Start of Excerpted data

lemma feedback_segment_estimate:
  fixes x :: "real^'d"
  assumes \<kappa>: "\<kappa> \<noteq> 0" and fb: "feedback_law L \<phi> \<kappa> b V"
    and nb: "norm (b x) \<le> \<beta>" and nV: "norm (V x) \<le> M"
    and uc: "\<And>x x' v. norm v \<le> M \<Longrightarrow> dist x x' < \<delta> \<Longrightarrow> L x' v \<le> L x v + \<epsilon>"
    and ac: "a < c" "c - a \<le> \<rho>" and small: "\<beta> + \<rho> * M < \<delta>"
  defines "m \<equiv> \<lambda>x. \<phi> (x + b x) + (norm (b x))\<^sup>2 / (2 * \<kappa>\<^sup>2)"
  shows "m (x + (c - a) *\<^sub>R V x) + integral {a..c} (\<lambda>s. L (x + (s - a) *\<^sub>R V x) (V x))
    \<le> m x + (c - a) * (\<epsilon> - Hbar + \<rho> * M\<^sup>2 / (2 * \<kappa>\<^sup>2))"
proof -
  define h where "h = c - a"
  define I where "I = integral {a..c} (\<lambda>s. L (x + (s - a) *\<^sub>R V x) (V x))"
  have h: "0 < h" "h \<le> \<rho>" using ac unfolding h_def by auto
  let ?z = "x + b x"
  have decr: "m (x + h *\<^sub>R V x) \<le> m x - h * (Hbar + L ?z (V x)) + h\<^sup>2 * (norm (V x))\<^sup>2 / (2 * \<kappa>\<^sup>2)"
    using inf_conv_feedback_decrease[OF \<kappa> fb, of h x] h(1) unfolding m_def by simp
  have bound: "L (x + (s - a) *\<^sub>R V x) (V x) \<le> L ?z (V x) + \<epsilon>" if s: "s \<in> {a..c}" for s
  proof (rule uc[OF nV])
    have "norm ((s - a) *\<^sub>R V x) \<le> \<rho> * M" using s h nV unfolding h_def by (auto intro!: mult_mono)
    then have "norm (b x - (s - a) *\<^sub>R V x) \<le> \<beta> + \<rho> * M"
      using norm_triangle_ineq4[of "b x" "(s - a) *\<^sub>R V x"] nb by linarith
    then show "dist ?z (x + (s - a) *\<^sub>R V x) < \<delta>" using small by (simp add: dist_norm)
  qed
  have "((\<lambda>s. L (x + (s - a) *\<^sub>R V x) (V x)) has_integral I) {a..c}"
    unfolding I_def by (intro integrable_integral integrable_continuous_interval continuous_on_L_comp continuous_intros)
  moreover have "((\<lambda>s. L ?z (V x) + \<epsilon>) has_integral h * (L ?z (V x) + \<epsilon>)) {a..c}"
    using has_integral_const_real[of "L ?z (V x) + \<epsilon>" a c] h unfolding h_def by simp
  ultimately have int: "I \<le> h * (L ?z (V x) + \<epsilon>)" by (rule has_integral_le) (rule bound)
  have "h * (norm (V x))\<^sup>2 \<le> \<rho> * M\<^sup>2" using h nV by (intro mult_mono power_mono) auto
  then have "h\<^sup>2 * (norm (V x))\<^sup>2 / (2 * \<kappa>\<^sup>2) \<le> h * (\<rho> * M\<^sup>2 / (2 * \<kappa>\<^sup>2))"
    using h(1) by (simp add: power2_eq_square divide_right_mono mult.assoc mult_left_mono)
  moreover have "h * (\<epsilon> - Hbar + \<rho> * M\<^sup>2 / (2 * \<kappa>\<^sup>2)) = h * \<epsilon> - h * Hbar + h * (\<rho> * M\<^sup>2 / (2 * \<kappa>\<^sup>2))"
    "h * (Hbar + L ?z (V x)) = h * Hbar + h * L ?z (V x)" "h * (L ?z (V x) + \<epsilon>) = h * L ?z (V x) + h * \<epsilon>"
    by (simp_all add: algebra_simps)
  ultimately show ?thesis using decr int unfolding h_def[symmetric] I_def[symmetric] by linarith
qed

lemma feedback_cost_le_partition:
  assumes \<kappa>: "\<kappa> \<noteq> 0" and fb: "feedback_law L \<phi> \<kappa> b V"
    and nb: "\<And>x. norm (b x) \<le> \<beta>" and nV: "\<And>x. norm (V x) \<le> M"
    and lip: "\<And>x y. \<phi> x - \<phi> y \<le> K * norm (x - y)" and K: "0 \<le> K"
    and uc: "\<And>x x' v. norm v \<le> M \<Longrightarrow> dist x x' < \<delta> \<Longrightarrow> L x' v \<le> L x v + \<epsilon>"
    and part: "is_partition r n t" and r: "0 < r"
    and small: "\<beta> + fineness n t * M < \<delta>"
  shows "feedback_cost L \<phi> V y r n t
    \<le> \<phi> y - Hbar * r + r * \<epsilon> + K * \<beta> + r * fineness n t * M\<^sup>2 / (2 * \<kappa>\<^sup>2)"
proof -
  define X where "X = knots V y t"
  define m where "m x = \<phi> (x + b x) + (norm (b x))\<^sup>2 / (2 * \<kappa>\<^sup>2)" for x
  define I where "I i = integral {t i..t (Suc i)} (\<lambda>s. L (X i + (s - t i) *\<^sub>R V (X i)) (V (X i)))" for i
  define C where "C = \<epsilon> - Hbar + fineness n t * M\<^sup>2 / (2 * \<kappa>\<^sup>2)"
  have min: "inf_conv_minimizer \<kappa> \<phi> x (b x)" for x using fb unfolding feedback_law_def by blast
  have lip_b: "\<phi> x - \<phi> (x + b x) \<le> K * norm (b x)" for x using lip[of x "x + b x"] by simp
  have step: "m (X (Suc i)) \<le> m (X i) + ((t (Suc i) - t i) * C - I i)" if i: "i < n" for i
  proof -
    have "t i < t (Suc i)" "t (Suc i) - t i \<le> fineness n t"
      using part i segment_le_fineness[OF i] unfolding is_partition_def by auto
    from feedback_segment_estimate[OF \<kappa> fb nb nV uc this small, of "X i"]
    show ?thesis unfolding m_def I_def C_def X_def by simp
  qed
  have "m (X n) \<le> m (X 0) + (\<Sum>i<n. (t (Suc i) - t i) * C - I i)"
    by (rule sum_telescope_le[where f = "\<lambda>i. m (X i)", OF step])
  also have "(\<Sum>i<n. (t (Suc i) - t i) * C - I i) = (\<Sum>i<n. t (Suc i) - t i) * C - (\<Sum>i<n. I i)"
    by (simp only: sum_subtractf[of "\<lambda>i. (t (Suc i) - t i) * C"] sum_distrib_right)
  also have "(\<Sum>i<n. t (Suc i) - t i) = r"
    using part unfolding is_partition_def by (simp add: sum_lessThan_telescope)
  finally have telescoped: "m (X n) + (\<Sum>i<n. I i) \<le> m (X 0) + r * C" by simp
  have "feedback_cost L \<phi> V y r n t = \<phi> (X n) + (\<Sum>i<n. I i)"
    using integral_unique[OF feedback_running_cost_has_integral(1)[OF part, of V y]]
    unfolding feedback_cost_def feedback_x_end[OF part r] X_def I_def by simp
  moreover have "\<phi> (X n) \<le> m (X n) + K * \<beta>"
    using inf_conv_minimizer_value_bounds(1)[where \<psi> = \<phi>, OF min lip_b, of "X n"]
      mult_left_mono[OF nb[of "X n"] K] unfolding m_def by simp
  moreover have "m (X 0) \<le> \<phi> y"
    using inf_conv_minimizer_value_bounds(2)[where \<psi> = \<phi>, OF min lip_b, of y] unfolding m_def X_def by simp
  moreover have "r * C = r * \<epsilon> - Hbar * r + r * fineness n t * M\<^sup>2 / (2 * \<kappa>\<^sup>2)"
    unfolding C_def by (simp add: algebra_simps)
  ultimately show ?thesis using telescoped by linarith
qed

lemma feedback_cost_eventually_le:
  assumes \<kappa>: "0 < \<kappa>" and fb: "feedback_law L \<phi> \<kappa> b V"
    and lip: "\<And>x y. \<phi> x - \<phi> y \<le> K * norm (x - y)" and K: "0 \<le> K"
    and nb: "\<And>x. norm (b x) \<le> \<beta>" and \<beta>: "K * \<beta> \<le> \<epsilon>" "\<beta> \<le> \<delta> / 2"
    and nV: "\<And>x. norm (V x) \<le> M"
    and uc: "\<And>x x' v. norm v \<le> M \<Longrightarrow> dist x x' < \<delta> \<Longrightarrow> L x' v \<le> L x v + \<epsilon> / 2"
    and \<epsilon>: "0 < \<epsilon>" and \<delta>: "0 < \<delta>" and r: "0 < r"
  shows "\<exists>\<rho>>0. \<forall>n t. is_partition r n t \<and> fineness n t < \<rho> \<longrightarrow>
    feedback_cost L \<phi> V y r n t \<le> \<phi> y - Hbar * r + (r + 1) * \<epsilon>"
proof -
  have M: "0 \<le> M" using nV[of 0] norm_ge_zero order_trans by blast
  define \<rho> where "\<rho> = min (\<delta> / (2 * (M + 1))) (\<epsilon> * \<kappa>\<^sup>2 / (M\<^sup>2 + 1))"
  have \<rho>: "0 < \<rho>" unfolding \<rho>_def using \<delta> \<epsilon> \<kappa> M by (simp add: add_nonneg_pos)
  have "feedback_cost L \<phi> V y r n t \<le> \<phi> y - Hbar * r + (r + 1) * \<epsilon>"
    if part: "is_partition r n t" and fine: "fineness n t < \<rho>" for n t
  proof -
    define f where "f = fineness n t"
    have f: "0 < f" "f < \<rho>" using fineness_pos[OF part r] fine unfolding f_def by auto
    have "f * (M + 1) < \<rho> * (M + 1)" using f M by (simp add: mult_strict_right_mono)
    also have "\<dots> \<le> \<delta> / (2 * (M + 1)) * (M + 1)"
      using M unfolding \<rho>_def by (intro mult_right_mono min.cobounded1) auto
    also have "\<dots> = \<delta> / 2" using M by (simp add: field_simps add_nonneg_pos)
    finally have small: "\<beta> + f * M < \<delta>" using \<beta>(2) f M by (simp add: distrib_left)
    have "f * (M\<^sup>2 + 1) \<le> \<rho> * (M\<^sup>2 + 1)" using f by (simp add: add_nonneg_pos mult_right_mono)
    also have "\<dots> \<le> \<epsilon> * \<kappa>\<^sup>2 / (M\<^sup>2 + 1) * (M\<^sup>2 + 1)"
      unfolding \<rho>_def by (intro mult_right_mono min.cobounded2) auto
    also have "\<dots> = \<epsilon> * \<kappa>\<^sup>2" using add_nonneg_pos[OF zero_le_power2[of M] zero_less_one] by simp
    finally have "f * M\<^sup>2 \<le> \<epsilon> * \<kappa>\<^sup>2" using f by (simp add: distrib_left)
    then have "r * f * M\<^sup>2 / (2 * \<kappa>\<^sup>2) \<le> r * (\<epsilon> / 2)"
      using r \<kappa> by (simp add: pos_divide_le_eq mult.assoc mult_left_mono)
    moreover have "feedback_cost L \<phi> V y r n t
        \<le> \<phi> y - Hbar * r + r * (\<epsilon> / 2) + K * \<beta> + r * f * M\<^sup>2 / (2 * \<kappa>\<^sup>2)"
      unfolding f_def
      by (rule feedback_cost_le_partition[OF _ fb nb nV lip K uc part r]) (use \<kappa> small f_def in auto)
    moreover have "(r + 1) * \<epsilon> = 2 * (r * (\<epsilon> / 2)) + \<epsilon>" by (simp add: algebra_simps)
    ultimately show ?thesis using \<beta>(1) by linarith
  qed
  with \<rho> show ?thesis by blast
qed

End of Excerpted data

Among the entries above, copy exactly only the lines starting with the one containing "(simp add: dist_norm)" and going through the one containing "has_integral_le) (rule bound)", both ends included.

    then show "dist ?z (x + (s - a) *\<^sub>R V x) < \<delta>" using small by (simp add: dist_norm)
  qed
  have "((\<lambda>s. L (x + (s - a) *\<^sub>R V x) (V x)) has_integral I) {a..c}"
    unfolding I_def by (intro integrable_integral integrable_continuous_interval continuous_on_L_comp continuous_intros)
  moreover have "((\<lambda>s. L ?z (V x) + \<epsilon>) has_integral h * (L ?z (V x) + \<epsilon>)) {a..c}"
    using has_integral_const_real[of "L ?z (V x) + \<epsilon>" a c] h unfolding h_def by simp
  ultimately have int: "I \<le> h * (L ?z (V x) + \<epsilon>)" by (rule has_integral_le) (rule bound)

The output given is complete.